▶ **Work required**: Go through the data below line by line. Give only the number of lines that contain "without".

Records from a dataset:

----------------

(* Let $p\in(0,1)$, let $\ell\ge 1$ be fixed, and let $x_e$, $e\in\binom{[n]}{2}$, be independent Bernoulli($p$) random variables, with $\chi_e=(x_e-p)/\sqrt{p(1-p)}$. Suppose \[F(\mathbf{x})=\sum_{H:\,v(H)\le\ell}\binom{n-v(H)}{\ell-v(H)}\Phi_H\,\gamma_H(\mathbf{x}),\] where the sum is over isomorphism classes of graphs $H$ without isolated vertices on at most $\ell$ vertices, the $\Phi_H$ are real constants independent of $n$, and (1) $\Phi_H=0$ for every connected graph $H$ on $3$ or $4$ vertices; (2) $\Phi_{K_2}\neq0$ and $\Phi_{K_2+K_2}\neq 0$, where $K_2+K_2$ is the disjoint union of two edges. Suppose further that $F$ is integer valued. Then there is a sequence $(y_n)$ such that $\mathbb{P}[F(\mathbf{x})=y_n]\gtrsim n^{3/2-\ell}$, the implicit constant depending on $p$ and the constants $\Phi_H$ (and $\ell$).
   Context: For a graph $H$ with no isolated vertices, the graph factor is $\gamma_H(\mathbf{x})=\sum_{E\subseteq\binom{[n]}{2},\,E\simeq H}\prod_{e\in E}\chi_e$, the sum over edge sets $E$ whose spanned graph is isomorphic to $H$; for the empty graph $\gamma_{K_0}=1$. *)

theory Defs
  imports Complex_Main
begin

text \<open>Graphs without isolated vertices are represented by their edge sets
  (sets of 2-element subsets of nat); the vertex set is the union of the edges.\<close>

definition is_graph :: "nat set set \<Rightarrow> bool" where
  "is_graph E \<longleftrightarrow> finite E \<and> (\<forall>e\<in>E. card e = 2)"

definition vert :: "nat set set \<Rightarrow> nat set" where
  "vert E = \<Union>E"

definition graph_iso :: "nat set set \<Rightarrow> nat set set \<Rightarrow> bool" where
  "graph_iso E E' \<longleftrightarrow> (\<exists>f. bij_betw f (vert E) (vert E') \<and> (\<lambda>e. f ` e) ` E = E')"

definition isoclass :: "nat set set \<Rightarrow> nat set set set" where
  "isoclass E = {E'. is_graph E' \<and> graph_iso E E'}"

definition graph_classes :: "nat \<Rightarrow> nat set set set set" where
  "graph_classes l = {isoclass E | E. is_graph E \<and> card (vert E) \<le> l}"

definition class_v :: "nat set set set \<Rightarrow> nat" where
  "class_v C = card (vert (SOME E. E \<in> C))"

definition connected_graph :: "nat set set \<Rightarrow> bool" where
  "connected_graph E \<longleftrightarrow>
     (\<forall>u\<in>vert E. \<forall>v\<in>vert E. (u, v) \<in> ({(a, b). {a, b} \<in> E})\<^sup>*)"

definition Kedges :: "nat \<Rightarrow> nat set set" where
  "Kedges n = {{i, j} | i j. i < n \<and> j < n \<and> i \<noteq> j}"

text \<open>A sample of the random graph is the set G \<subseteq> Kedges n of edges e with x_e = 1.\<close>
definition chi :: "real \<Rightarrow> nat set set \<Rightarrow> nat set \<Rightarrow> real" where
  "chi p G e = ((if e \<in> G then 1 else 0) - p) / sqrt (p * (1 - p))"

definition gamma :: "real \<Rightarrow> nat \<Rightarrow> nat set set set \<Rightarrow> nat set set \<Rightarrow> real" where
  "gamma p n C G = (\<Sum>E\<in>{E. E \<subseteq> Kedges n \<and> E \<in> C}. \<Prod>e\<in>E. chi p G e)"

definition prob_G :: "real \<Rightarrow> nat \<Rightarrow> (nat set set \<Rightarrow> bool) \<Rightarrow> real" where
  "prob_G p n S = (\<Sum>G\<in>{G. G \<subseteq> Kedges n \<and> S G}.
      p ^ card G * (1 - p) ^ (card (Kedges n) - card G))"

definition Fpoly :: "nat \<Rightarrow> (nat set set set \<Rightarrow> real) \<Rightarrow> real \<Rightarrow> nat \<Rightarrow> nat set set \<Rightarrow> real" where
  "Fpoly l Phi p n G = (\<Sum>C\<in>graph_classes l.
      real ((n - class_v C) choose (l - class_v C)) * Phi C * gamma p n C G)"

end

(* Split F as F = g(|G|) + D. By condition (1) the only graphs on at most four vertices with a
   nonzero coefficient are the empty graph, K2 and K2+K2. The K2 term is a multiple of the
   normalised edge count L = sum_e chi_e, and since chi_e^2 = 1 + beta chi_e the sum of chi_E over
   all two-edge sets E equals (L^2 - N - beta L)/2; so up to the two-edge paths, whose
   coefficient is O(n^(l-4)) on O(n^3) sets, these terms depend on |G| only. The remainder D is
   an orthogonal expansion over the paths and the graphs on at least five vertices, hence
   E[D^2] = O(n^(2l-5)). By Chebyshev, |G| lies with probability 3/4 in a window of O(n)
   values, and by Markov |D| = O(n^(l-5/2)) with probability 7/8. On both events the integer
   F takes O(n^(l-3/2)) values, so one of them has probability Omega(n^(3/2-l)). *)

theory Submission
  imports Defs
begin

section \<open>Graphs and their isomorphism classes\<close>

lemma graph_iso_refl: "graph_iso E E"
  unfolding graph_iso_def by (rule exI[of _ id]) auto

lemma graph_iso_sym:
  assumes "graph_iso E E'"
  shows "graph_iso E' E"
proof -
  obtain f where f: "bij_betw f (vert E) (vert E')" "(\<lambda>e. f ` e) ` E = E'"
    using assms unfolding graph_iso_def by blast
  let ?g = "inv_into (vert E) f"
  have "?g ` f ` e = e" if "e \<in> E" for e
    using that f(1) by (intro inv_into_image_cancel) (auto simp: bij_betw_def vert_def)
  then have "(\<lambda>e. ?g ` e) ` E' = E"
    unfolding f(2)[symmetric] image_image by simp
  then show ?thesis
    using bij_betw_inv_into[OF f(1)] unfolding graph_iso_def by blast
qed

lemma graph_iso_trans:
  assumes "graph_iso E E'" "graph_iso E' E''"
  shows "graph_iso E E''"
proof -
  obtain f where f: "bij_betw f (vert E) (vert E')" "(\<lambda>e. f ` e) ` E = E'"
    using assms(1) unfolding graph_iso_def by blast
  obtain g where g: "bij_betw g (vert E') (vert E'')" "(\<lambda>e. g ` e) ` E' = E''"
    using assms(2) unfolding graph_iso_def by blast
  have "(\<lambda>e. (g \<circ> f) ` e) ` E = E''"
    using f(2) g(2) by (auto simp: image_comp)
  then show ?thesis
    using bij_betw_trans[OF f(1) g(1)] unfolding graph_iso_def by blast
qed

lemma graph_iso_card_vert: "graph_iso E E' \<Longrightarrow> card (vert E) = card (vert E')"
  unfolding graph_iso_def using bij_betw_same_card by blast

lemma isoclass_eq_if_graph_iso: "graph_iso E E' \<Longrightarrow> isoclass E' = isoclass E"
  unfolding isoclass_def using graph_iso_trans graph_iso_sym by blast

lemma mem_isoclass_self: "is_graph E \<Longrightarrow> E \<in> isoclass E"
  unfolding isoclass_def using graph_iso_refl by blast

lemma mem_isoclass_iff:
  assumes "is_graph E"
  shows "E \<in> isoclass E' \<longleftrightarrow> isoclass E = isoclass E'"
proof
  assume "E \<in> isoclass E'"
  then have "graph_iso E' E"
    unfolding isoclass_def by blast
  then show "isoclass E = isoclass E'"
    by (rule isoclass_eq_if_graph_iso)
next
  assume "isoclass E = isoclass E'"
  then show "E \<in> isoclass E'"
    using mem_isoclass_self[OF assms] by simp
qed

lemma class_v_isoclass:
  assumes "is_graph E"
  shows "class_v (isoclass E) = card (vert E)"
proof -
  have "(SOME E'. E' \<in> isoclass E) \<in> isoclass E"
    using mem_isoclass_self[OF assms] by (rule someI)
  then show ?thesis
    unfolding class_v_def isoclass_def using graph_iso_card_vert by auto
qed

lemma card_vert_le_if_isoclass_mem:
  assumes "isoclass E \<in> graph_classes l" "is_graph E"
  shows "card (vert E) \<le> l"
proof -
  obtain E' where "isoclass E = isoclass E'" "is_graph E'" "card (vert E') \<le> l"
    using assms(1) unfolding graph_classes_def by blast
  then have "graph_iso E' E"
    using mem_isoclass_iff[OF assms(2)] unfolding isoclass_def by blast
  then show ?thesis
    using graph_iso_card_vert \<open>card (vert E') \<le> l\<close> by simp
qed

lemma edge_subset_vert: "e \<in> E \<Longrightarrow> e \<subseteq> vert E"
  unfolding vert_def by auto

lemma finite_vert: "is_graph E \<Longrightarrow> finite (vert E)"
  unfolding is_graph_def vert_def using card_ge_0_finite by (metis finite_Union zero_less_numeral)

lemma finite_graph_classes: "finite (graph_classes l)"
proof -
  have "graph_classes l \<subseteq> isoclass ` Pow (Pow {0..<l})"
  proof
    fix C assume "C \<in> graph_classes l"
    then obtain E where E: "C = isoclass E" "is_graph E" "card (vert E) \<le> l"
      unfolding graph_classes_def by blast
    obtain f where f: "bij_betw f (vert E) {0..<card (vert E)}"
      using ex_bij_betw_finite_nat finite_vert[OF E(2)] by blast
    define E' where "E' = (\<lambda>e. f ` e) ` E"
    have "vert E' = f ` vert E"
      unfolding E'_def vert_def by auto
    then have "graph_iso E E'"
      using f unfolding graph_iso_def E'_def bij_betw_def by auto
    moreover have "vert E' \<subseteq> {0..<l}"
      using \<open>vert E' = f ` vert E\<close> f E(3) unfolding bij_betw_def by auto
    ultimately show "C \<in> isoclass ` Pow (Pow {0..<l})"
      using E(1) isoclass_eq_if_graph_iso edge_subset_vert by blast
  qed
  then show ?thesis
    by (rule finite_subset) auto
qed

lemma finite_Kedges: "finite (Kedges n)"
  by (rule finite_subset[of _ "Pow {0..<n}"]) (auto simp: Kedges_def)

lemma vert_subset_if_subset_Kedges: "E \<subseteq> Kedges n \<Longrightarrow> vert E \<subseteq> {0..<n}"
  unfolding vert_def Kedges_def by auto

lemma card_eq_2_if_mem_Kedges: "e \<in> Kedges n \<Longrightarrow> card e = 2"
  unfolding Kedges_def by auto

lemma is_graph_if_subset_Kedges: "E \<subseteq> Kedges n \<Longrightarrow> is_graph E"
  unfolding is_graph_def using finite_Kedges card_eq_2_if_mem_Kedges finite_subset by blast

lemma card_Kedges_le: "card (Kedges n) \<le> n\<^sup>2"
proof -
  have "Kedges n \<subseteq> (\<lambda>(i, j). {i, j}) ` ({0..<n} \<times> {0..<n})"
    unfolding Kedges_def by auto
  then have "card (Kedges n) \<le> card ({0..<n} \<times> {0..<n})"
    by (meson card_image_le card_mono finite_SigmaI finite_atLeastLessThan finite_imageI le_trans)
  then show ?thesis
    by (simp add: power2_eq_square)
qed

lemma Kedges_nonempty:
  assumes "2 \<le> n"
  shows "Kedges n \<noteq> {}"
proof -
  have "{0, 1} \<in> Kedges n"
    using assms unfolding Kedges_def by force
  then show ?thesis
    by blast
qed

lemma card_vert_ge_2:
  assumes "is_graph E" "E \<noteq> {}"
  shows "2 \<le> card (vert E)"
proof -
  obtain e where "e \<in> E"
    using assms(2) by blast
  then have "card e \<le> card (vert E)" "card e = 2"
    using card_mono[OF finite_vert[OF assms(1)] edge_subset_vert] assms(1)
    unfolding is_graph_def by auto
  then show ?thesis
    by simp
qed

lemma card_vert_eq_2_iff:
  assumes "is_graph E"
  shows "card (vert E) = 2 \<longleftrightarrow> card E = 1"
proof
  assume v: "card (vert E) = 2"
  have "e = vert E" if "e \<in> E" for e
    using card_subset_eq[OF finite_vert[OF assms] edge_subset_vert[OF that]] that v assms
    unfolding is_graph_def by auto
  moreover have "E \<noteq> {}"
    using v by (auto simp: vert_def)
  ultimately have "E = {vert E}"
    by blast
  then show "card E = 1"
    by (metis is_singletonI is_singleton_altdef)
next
  assume "card E = 1"
  then obtain e where "E = {e}"
    by (rule card_1_singletonE)
  then show "card (vert E) = 2"
    using assms unfolding is_graph_def vert_def by simp
qed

----------------

▶ **Task output**: 2